Am I conservative in what I do as a professor? Largely so. They don’t call it the ivory tower for nothing. As a teacher and a researcher, I do try new things on a regular basis, but I do these incrementally – and I’ve found myself sometimes returning to early tried-and-true strategies, appropriately tweaked with the benefit of hindsight. As to my department, our curriculum is very conservative. We’ve made changes over the years, but in my opinion these have been sustaining innovations rather than disruptive innovations, and they were borne mostly out of necessity. Am I liberal in what I accept from others? I don’t know how to answer this. I do believe that there are many ways to teach students effectively and that there’s no “best” pedagogy or curriculum. I think educators should teach to their strengths and I think I’m an oddball among my colleagues. No one bothers me and I don’t bother them. As an individual professor I strongly defend being able to teach in my idiosyncratic fashion, but having served as an administrator in several capacities, I also understand the desire for some level of standardization and how that helps mitigate certain systemic issues that would otherwise crop up.   

 

Research-wise, I’m primarily trained in electronic structure theory, although I have some experience in other areas of computational chemistry and I can converse on a wide range of subjects because I did my PhD in a large research group with diverse interests and employing a slew of different computational methods.

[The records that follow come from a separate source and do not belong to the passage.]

lemma laplace_coeff_fps_binomial_minus_conv_demoivre:
  "laplace_coeff w r (fps_binomial_minus v) = (\<Sum>k\<le>r. \<Sum>m=0..r. (-1) ^ k * (fact (r + k) / fact k)
     * (demoivre_fps ^ k) $ m * ((-1) ^ (r - m) * (v gchoose (r - m))) / (1 - w) ^ (r + k + 1))"
proof -
  have "(log_tail_fps ^ k * fps_binomial_minus v) $ (r + k)
      = (\<Sum>m=0..r. (demoivre_fps ^ k) $ m * ((-1) ^ (r - m) * (v gchoose (r - m))))" for k
    by (subst log_tail_fps_power_mult_nth) (simp add: fps_mult_nth fps_binomial_minus_def)
  then show ?thesis
    by (simp add: laplace_coeff_def laplace_term_def sum_distrib_left sum_divide_distrib mult_ac)
qed

lemma U_fun_eq_laplace_coeff:
  assumes "w \<noteq> 1"
  shows "U_fun r w v = (if r = 0 then 1 else 0) + w * laplace_coeff w r (fps_binomial_minus v)"
proof -
  define t where "t m k = w * (-1) ^ k * (fact (r + k) / fact k) * (demoivre_fps ^ k) $ m
      * ((-1) ^ (r - m) * (v gchoose (r - m))) / (1 - w) ^ (r + k + 1)" for m k
  have summand: "(-1) ^ m * (v gchoose (r - m)) * (w / (w - 1) ^ (r + k + 1)
      * (of_nat (fact (r + k)) / of_nat (fact k)) * demoivre (\<lambda>j. 1 / (of_nat j + 1)) m k)
      = - t m k" if "m \<le> r" for m k
  proof -
    have reorder: "(-1) ^ m * b * (w / Y * F * d) = b * w * F * d * ((-1) ^ m / Y)"
      for b F d Y :: complex
      by (simp add: field_simps)
    show ?thesis
      unfolding reorder minus_one_power_div_diff_power[OF that]
      by (simp add: t_def demoivre_eq_demoivre_fps_power_nth mult_ac)
  qed
  have "U_fun r w v = (if r = 0 then 1 else 0) - (\<Sum>m=0..r. \<Sum>k=0..m. - t m k)"
    unfolding U_fun_def sum_distrib_left
    by (intro arg_cong2[where f = "(-)"] refl sum.cong summand) auto
  then have "U_fun r w v = (if r = 0 then 1 else 0) + (\<Sum>m=0..r. \<Sum>k=0..m. t m k)"
    by (simp add: sum_negf)
  also have "(\<Sum>m=0..r. \<Sum>k=0..m. t m k) = (\<Sum>m=0..r. \<Sum>k\<le>r. t m k)"
  proof (rule sum.cong)
    fix m assume "m \<in> {0..r}"
    then show "(\<Sum>k=0..m. t m k) = (\<Sum>k\<le>r. t m k)"
      by (intro sum.mono_neutral_left) (auto simp: t_def not_le demoivre_fps_power_nth_eq_0)
  qed simp
  also have "\<dots> = (\<Sum>k\<le>r. \<Sum>m=0..r. t m k)"
    by (rule sum.swap)
  also have "\<dots> = w * laplace_coeff w r (fps_binomial_minus v)"
    by (simp add: laplace_coeff_fps_binomial_minus_conv_demoivre t_def sum_distrib_left mult_ac)
  finally show ?thesis .
qed

section \<open>Integration by parts\<close>

lemma one_minus_mult_of_real_neq_0:
  assumes "Re w \<le> 1" "w \<noteq> 1" "0 \<le> z" "z \<le> 1"
  shows "1 - w * complex_of_real z \<noteq> 0"
proof
  assume "1 - w * complex_of_real z = 0"
  then have wz: "w * complex_of_real z = 1" by simp
  have re: "Re w * z = 1" using arg_cong[OF wz, of Re] by simp
  have im: "Im w * z = 0" using arg_cong[OF wz, of Im] by simp
  have "Re w * z \<le> z" using assms(1,3) mult_right_mono[of "Re w" 1 z] by simp
  with re assms(4) have "z = 1" by simp
  with re im have "w = 1" by (simp add: complex_eq_iff)
  with assms(2) show False ..
qed

definition laplace_kernel :: "complex \<Rightarrow> complex \<Rightarrow> complex \<Rightarrow> complex \<Rightarrow> complex" where
  "laplace_kernel n w v t = exp (n * w * (1 - t)) * t powr (n + v)"

definition weighted_kernel ::
  "complex \<Rightarrow> complex \<Rightarrow> complex \<Rightarrow> complex poly \<Rightarrow> nat \<Rightarrow> complex \<Rightarrow> complex" where
  "weighted_kernel n w v p m t = laplace_kernel n w v t * (poly p (1 - t) / (1 - w * t) ^ m)"

lemma norm_laplace_kernel_le:
  assumes "Re w \<le> 1" "0 \<le> n" "0 \<le> n + Re v" "0 \<le> z" "z \<le> 1"
  shows "norm (laplace_kernel (of_real n) w v (of_real z)) \<le> exp \<bar>Re v\<bar>"
proof (cases "z = 0")
  case True
  then show ?thesis by (simp add: laplace_kernel_def)
next
  case False
  with assms have z: "0 < z" by simp
  have "n * Re w * (1 - z) \<le> n * (1 - z)"
    using assms mult_left_mono[of "Re w" 1 n] by (intro mult_right_mono) auto
  moreover have "(n + Re v) * ln z \<le> (n + Re v) * (z - 1)"
    using assms z ln_le_minus_one[OF z] by (intro mult_left_mono) auto
  moreover have "\<bar>Re v * (z - 1)\<bar> \<le> \<bar>Re v\<bar> * 1"
    unfolding abs_mult using assms by (intro mult_left_mono) auto
  ultimately have "n * Re w * (1 - z) + (n + Re v) * ln z \<le> \<bar>Re v\<bar>"
    by (simp add: algebra_simps)
  then show ?thesis
    using z by (simp add: laplace_kernel_def norm_mult norm_exp_eq_Re norm_powr_real_powr
        powr_def exp_add[symmetric])
qed

lemma poly_denom_poly: "poly (denom_poly w) (1 - t) = 1 - w * t"
  by (simp add: denom_poly_def algebra_simps)

lemma poly_num_step:
  "poly (num_step w v m p) (1 - t) = (v + 1) * poly p (1 - t) * (1 - w * t)
     - t * (poly (pderiv p) (1 - t) * (1 - w * t) - of_nat (Suc m) * w * poly p (1 - t))"
  by (simp add: num_step_def poly_denom_poly) (simp add: algebra_simps)

lemma has_field_derivative_poly_div_power:
  fixes w t :: "'a::real_normed_field"
  assumes D: "1 - w * t \<noteq> 0"
  shows "((\<lambda>t. poly p (1 - t) / (1 - w * t) ^ Suc m) has_field_derivative
      (of_nat (Suc m) * w * poly p (1 - t) - poly (pderiv p) (1 - t) * (1 - w * t))
        / (1 - w * t) ^ (m + 2)) (at t)"
proof -
  have "((\<lambda>t. 1 - t) has_field_derivative -1) (at t)"
    by (auto intro!: derivative_eq_intros)
  from has_field_derivative_poly[OF this, of p]
  have dP: "((\<lambda>t. poly p (1 - t)) has_field_derivative - poly (pderiv p) (1 - t)) (at t)"
    by simp
  have "((\<lambda>t. 1 - w * t) has_field_derivative - w) (at t)"
    by (auto intro!: derivative_eq_intros)
  from DERIV_power[OF this, of "Suc m"]
  have dD: "((\<lambda>t. (1 - w * t) ^ Suc m) has_field_derivative
      of_nat (Suc m) * (1 - w * t) ^ m * - w) (at t)"
    by (simp add: mult_ac)
  have "(1 - w * t) ^ Suc m \<noteq> 0" using D by simp
  from DERIV_divide[OF dP dD this]
  have "((\<lambda>t. poly p (1 - t) / (1 - w * t) ^ Suc m) has_field_derivative
      (- poly (pderiv p) (1 - t) * (1 - w * t) ^ Suc m
        - poly p (1 - t) * (of_nat (Suc m) * (1 - w * t) ^ m * - w))
      / ((1 - w * t) ^ Suc m * (1 - w * t) ^ Suc m)) (at t)" .
  moreover obtain y where y: "y = 1 - w * t" "y \<noteq> 0" using D by simp
  then have "(- poly (pderiv p) (1 - t) * (1 - w * t) ^ Suc m
        - poly p (1 - t) * (of_nat (Suc m) * (1 - w * t) ^ m * - w))
        / ((1 - w * t) ^ Suc m * (1 - w * t) ^ Suc m)
      = (of_nat (Suc m) * w * poly p (1 - t) - poly (pderiv p) (1 - t) * (1 - w * t))
        / (1 - w * t) ^ (m + 2)"
    unfolding y(1)[symmetric] by (simp add: field_simps power_add del: of_nat_Suc)
  ultimately show ?thesis by (rule DERIV_cong)
qed

lemma has_field_derivative_weighted_kernel:
  fixes n w v t :: complex
  assumes t: "t \<notin> \<real>\<^sub>\<le>\<^sub>0" and D: "1 - w * t \<noteq> 0"
  shows "(weighted_kernel n w (v + 1) p (Suc m) has_field_derivative
      n * weighted_kernel n w v p m t + weighted_kernel n w v (num_step w v m p) (m + 2) t) (at t)"
proof -
  define E where "E = exp (n * w * (1 - t))"
  define T where "T = t powr (n + v)"
  define P where "P = poly p (1 - t)"
  define P' where "P' = poly (pderiv p) (1 - t)"
  define D where "D = 1 - w * t"
  have "t \<noteq> 0" using t by auto
  then have Tt: "t powr (n + (v + 1)) = T * t"
    by (simp add: T_def powr_add add.assoc)
  have dE: "((\<lambda>t. exp (n * w * (1 - t))) has_field_derivative - (n * w) * E) (at t)"
    unfolding E_def by (auto intro!: derivative_eq_intros)
  have dT: "((\<lambda>t. t powr (n + (v + 1))) has_field_derivative (n + (v + 1)) * T) (at t)"
    using has_field_derivative_powr[OF t, of "n + (v + 1)"] by (simp add: T_def)
  have "(weighted_kernel n w (v + 1) p (Suc m) has_field_derivative
      (- (n * w) * E * (T * t) + (n + (v + 1)) * T * E) * (P / D ^ Suc m)
      + (of_nat (Suc m) * w * P - P' * D) / D ^ (m + 2) * (E * (T * t))) (at t)"
    using DERIV_mult[OF DERIV_mult[OF dE dT]
        has_field_derivative_poly_div_power[OF D, where p = p and m = m]]
    unfolding weighted_kernel_def laplace_kernel_def Tt E_def[symmetric] P_def[symmetric]
      P'_def[symmetric] D_def[symmetric] .
  moreover have "(- (n * w) * E * (T * t) + (n + (v + 1)) * T * E) * (P / D ^ Suc m)
      + (of_nat (Suc m) * w * P - P' * D) / D ^ (m + 2) * (E * (T * t))
      = n * (E * T * (P / D ^ m))
      + E * T * (((v + 1) * P * D - t * (P' * D - of_nat (Suc m) * w * P)) / D ^ (m + 2))"
  proof -
    have "D \<noteq> 0" "w * t = 1 - D" using D by (simp_all add: D_def)
    then show ?thesis
      by (simp add: field_simps power_add) (simp add: D_def algebra_simps)
  qed
  ultimately show ?thesis
    by (simp add: weighted_kernel_def laplace_kernel_def poly_num_step E_def T_def P_def P'_def D_def)
qed

lemma continuous_on_weighted_kernel:
  assumes "Re w \<le> 1" "w \<noteq> 1" "0 < n + Re v"
  shows "continuous_on {0..1} (\<lambda>z. weighted_kernel (of_real n) w v p m (of_real z))"
  unfolding weighted_kernel_def laplace_kernel_def
  using assms one_minus_mult_of_real_neq_0[OF assms(1,2)]
  by (intro continuous_intros) auto

lemma weighted_kernel_has_integral:
  assumes "Re w \<le> 1" "w \<noteq> 1" "0 < n + Re v"
  shows "((\<lambda>z. of_real n * weighted_kernel (of_real n) w v p m (of_real z)
      + weighted_kernel (of_real n) w v (num_step w v m p) (m + 2) (of_real z))
      has_integral poly p 0 / (1 - w) ^ Suc m) {0..1}"
proof -
  have "((\<lambda>z. of_real n * weighted_kernel (of_real n) w v p m (of_real z)
      + weighted_kernel (of_real n) w v (num_step w v m p) (m + 2) (of_real z))
      has_integral weighted_kernel (of_real n) w (v + 1) p (Suc m) (of_real 1)
        - weighted_kernel (of_real n) w (v + 1) p (Suc m) (of_real 0)) {0..1}"
  proof (rule fundamental_theorem_of_calculus_interior)
    show "continuous_on {0..1} (\<lambda>z. weighted_kernel (of_real n) w (v + 1) p (Suc m) (of_real z))"
      using assms by (intro continuous_on_weighted_kernel) auto
    fix z :: real assume "z \<in> {0<..<1}"
    then have "of_real z \<notin> \<real>\<^sub>\<le>\<^sub>0" "1 - w * of_real z \<noteq> 0"
      using one_minus_mult_of_real_neq_0[OF assms(1,2)] by (auto simp: complex_nonpos_Reals_iff)
    from has_field_derivative_weighted_kernel[OF this]
    show "((\<lambda>z. weighted_kernel (of_real n) w (v + 1) p (Suc m) (of_real z)) has_vector_derivative
        of_real n * weighted_kernel (of_real n) w v p m (of_real z)
        + weighted_kernel (of_real n) w v (num_step w v m p) (m + 2) (of_real z)) (at z)"
      by (rule has_vector_derivative_real_field)
  qed simp
  then show ?thesis
    by (simp add: weighted_kernel_def laplace_kernel_def)
qed

definition remainder_integral :: "real \<Rightarrow> complex \<Rightarrow> complex \<Rightarrow> nat \<Rightarrow> complex" where
  "remainder_integral n w v k =
     integral {0..1} (\<lambda>z. weighted_kernel (of_real n) w v (num_poly w v k) (2 * k) (of_real z))"

lemma S_fun_eq_remainder_integral: "S_fun n w v = 1 + of_real n * w * remainder_integral n w v 0"
  by (simp add: S_fun_def remainder_integral_def weighted_kernel_def laplace_kernel_def)

lemma remainder_integral_recurrence:
  assumes "Re w \<le> 1" "w \<noteq> 1" "0 < n + Re v"
  shows "of_real n * remainder_integral n w v k + remainder_integral n w v (Suc k) = boundary_coeff w v k"
proof -
  have int: "(\<lambda>z. weighted_kernel (of_real n) w v (num_poly w v j) (2 * j) (of_real z))
      integrable_on {0..1}" for j
    using assms by (intro integrable_continuous_interval continuous_on_weighted_kernel)
  have "((\<lambda>z. of_real n * weighted_kernel (of_real n) w v (num_poly w v k) (2 * k) (of_real z)
      + weighted_kernel (of_real n) w v (num_poly w v (Suc k)) (2 * Suc k) (of_real z))
      has_integral of_real n * remainder_integral n w v k + remainder_integral n w v (Suc k)) {0..1}"
    unfolding remainder_integral_def
    by (intro has_integral_add has_integral_mult_right integrable_integral int)
  moreover have "((\<lambda>z. of_real n * weighted_kernel (of_real n) w v (num_poly w v k) (2 * k) (of_real z)
      + weighted_kernel (of_real n) w v (num_poly w v (Suc k)) (2 * Suc k) (of_real z))
      has_integral boundary_coeff w v k) {0..1}"
    using weighted_kernel_has_integral[OF assms, of "num_poly w v k" "2 * k"]
    by (simp add: boundary_coeff_def)
  ultimately show ?thesis by (rule has_integral_unique)
qed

My bread-and-butter is still electronic structure theory and my research students today do similar things as they did two decades ago (albeit on larger and more interesting systems). All this seems rather conservative on my part. While my research students are primarily chemistry or biochemistry majors, I’ve happily (or is it liberally?) accepted students from other departments: math, computer science, biology. But I don’t think this captures Postel’s dictum.

 

Then I got to thinking about the origin of life. Prebiotic chemistry is messy. It perhaps starts out decentralized with a slew of intermediates and products. But once the first (albeit primitive) autocatalytic cycles kick in, certain molecules will be selected over others to be amplified. Competition ensues and the losers die out, either being “eaten” as food or decomposed into yet other molecules. But this centralized ascendant protometabolic systems that incorporate food and dissipate waste molecules, alter their environment. This provides the opportunity for other liberal protometabolic systems to take advantage. One’s waste becomes another’s food, and competition comes again to the fore. Rinse. Repeat. The cycle of decentralization and centralization that Wu describes of information empires seems to apply well to both life and proto-life. As a multicellular organism, I might be an example of a highly centralized system that’s currently ascendant. But remember what happened to the dinosaurs. Meanwhile bacteria, perhaps representing decentralization, are still here and regularly trying to cannibalize us. And what is life, if not an organism that stores and utilizes information that also relies on communication to survive or thrive?